Hawley is a town in Franklin County, Massachusetts, United States. The population was 353 at the 2020 census. It is part of the Springfield, Massachusetts Metropolitan Statistical Area.

== History ==
Hawley was first settled in 1760 as Plantation Number 7, by a group from Hatfield. The town was called the "Hatfield Reserve" until it was officially incorporated in 1792. The town was named for Joseph Hawley of Northampton, a local leader in the American Revolution. Hawley's main industries were forestry and, eventually, recreation.
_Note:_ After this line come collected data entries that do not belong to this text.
theorem theorem2:
  fixes E :: "('v::finite) set set"
    and p :: real
    and q :: "'v set set \<times> ('v \<Rightarrow> int) \<Rightarrow> 'v set set \<times> ('v \<Rightarrow> int) \<Rightarrow> real"
    and c :: "('v \<Rightarrow> int) \<Rightarrow> ('v \<Rightarrow> int) \<Rightarrow> real"
  assumes graph: "simple_graph E"
    and nonempty: "E \<noteq> {}"
    and p: "0 < p" "p < 1"
    and q_rates: "rate_matrix (states E) q"
    and q_local: "\<forall>s\<in>states E. \<forall>s'\<in>states E. ndiff E s s' > 1 \<longrightarrow> q s s' = 0"
    and c_zero: "\<forall>\<sigma>\<in>spins. \<forall>\<sigma>'\<in>spins. card {x. \<sigma> x \<noteq> \<sigma>' x} \<ge> 2 \<longrightarrow> c \<sigma> \<sigma>' = 0"
    and c_pos: "\<forall>\<sigma>\<in>spins. \<forall>x. c \<sigma> (flip \<sigma> x) > 0"
    and c_diag: "\<forall>\<sigma>\<in>spins. c \<sigma> \<sigma> = - (\<Sum>y\<in>UNIV. c \<sigma> (flip \<sigma> y))"
    and marginal: "marginal_markov (states E) q snd spins c"
  shows "\<not> reversible (states E) (IP p E) q"
proof
  assume rev: "reversible (states E) (IP p E) q"
  obtain e where e: "e \<in> E"
    using nonempty by blast
  then obtain x y where xy: "e = {x, y}" "x \<noteq> y"
    using graph unfolding simple_graph_def by blast
  define \<sigma> where "\<sigma> = (\<lambda>_ :: 'v. 1 :: int)"
  have \<sigma>: "\<sigma> \<in> spins"
    by (simp add: \<sigma>_def spins_def)
  have states: "({e}, \<sigma>) \<in> states E" "({e}, flip \<sigma> x) \<in> states E"
    using e(1) \<sigma> by (auto simp: states_def spins_def flip_def \<sigma>_def)
  have "IP p E ({e}, \<sigma>) > 0"
    using p states(1) by (intro IP_pos) (auto simp: delta_def \<sigma>_def)
  moreover have "IP p E ({e}, flip \<sigma> x) = 0"
    using e xy by (intro IP_eq_0[of E e]) (auto simp: delta_def flip_def \<sigma>_def)
  ultimately have "q ({e}, \<sigma>) ({e}, flip \<sigma> x) = 0"
    using reversible_rate_into_null_state[OF rev states] by simp
  moreover have "q ({e}, \<sigma>) ({e}, flip \<sigma> x) > 0"
    using rate_flip_eq_marginal_rate[OF q_local marginal states(1)] c_pos \<sigma> by simp
  ultimately show False
    by simp
qed

end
The town originally included the land of its neighbor, Plainfield, which split off in the early nineteenth century.

Today, the town has very little industry. There are a few remaining farms, artisans and small businesses, though most people commute from the town, work from home or work for municipalities. The town has no gas stations, convenience stores, or liquor stores. Hawley does not have a police department, but does have a fire department.

==Geography==
According to the United States Census Bureau, the town has a total area of 30.9 sqmi, of which 30.9 sqmi is land and 0.04 sqmi (0.06%) is water. The town is located at the southwestern corner of Franklin County, with Hampshire County to the south and Berkshire County to the west. The town is bordered by Charlemont to the north, Buckland to the east, Ashfield to the southeast, Plainfield to the south, and Savoy to the west. Hawley is located 22 mi west of Greenfield, 45 mi north-northwest of Springfield, and 110 mi west-northwest of Boston.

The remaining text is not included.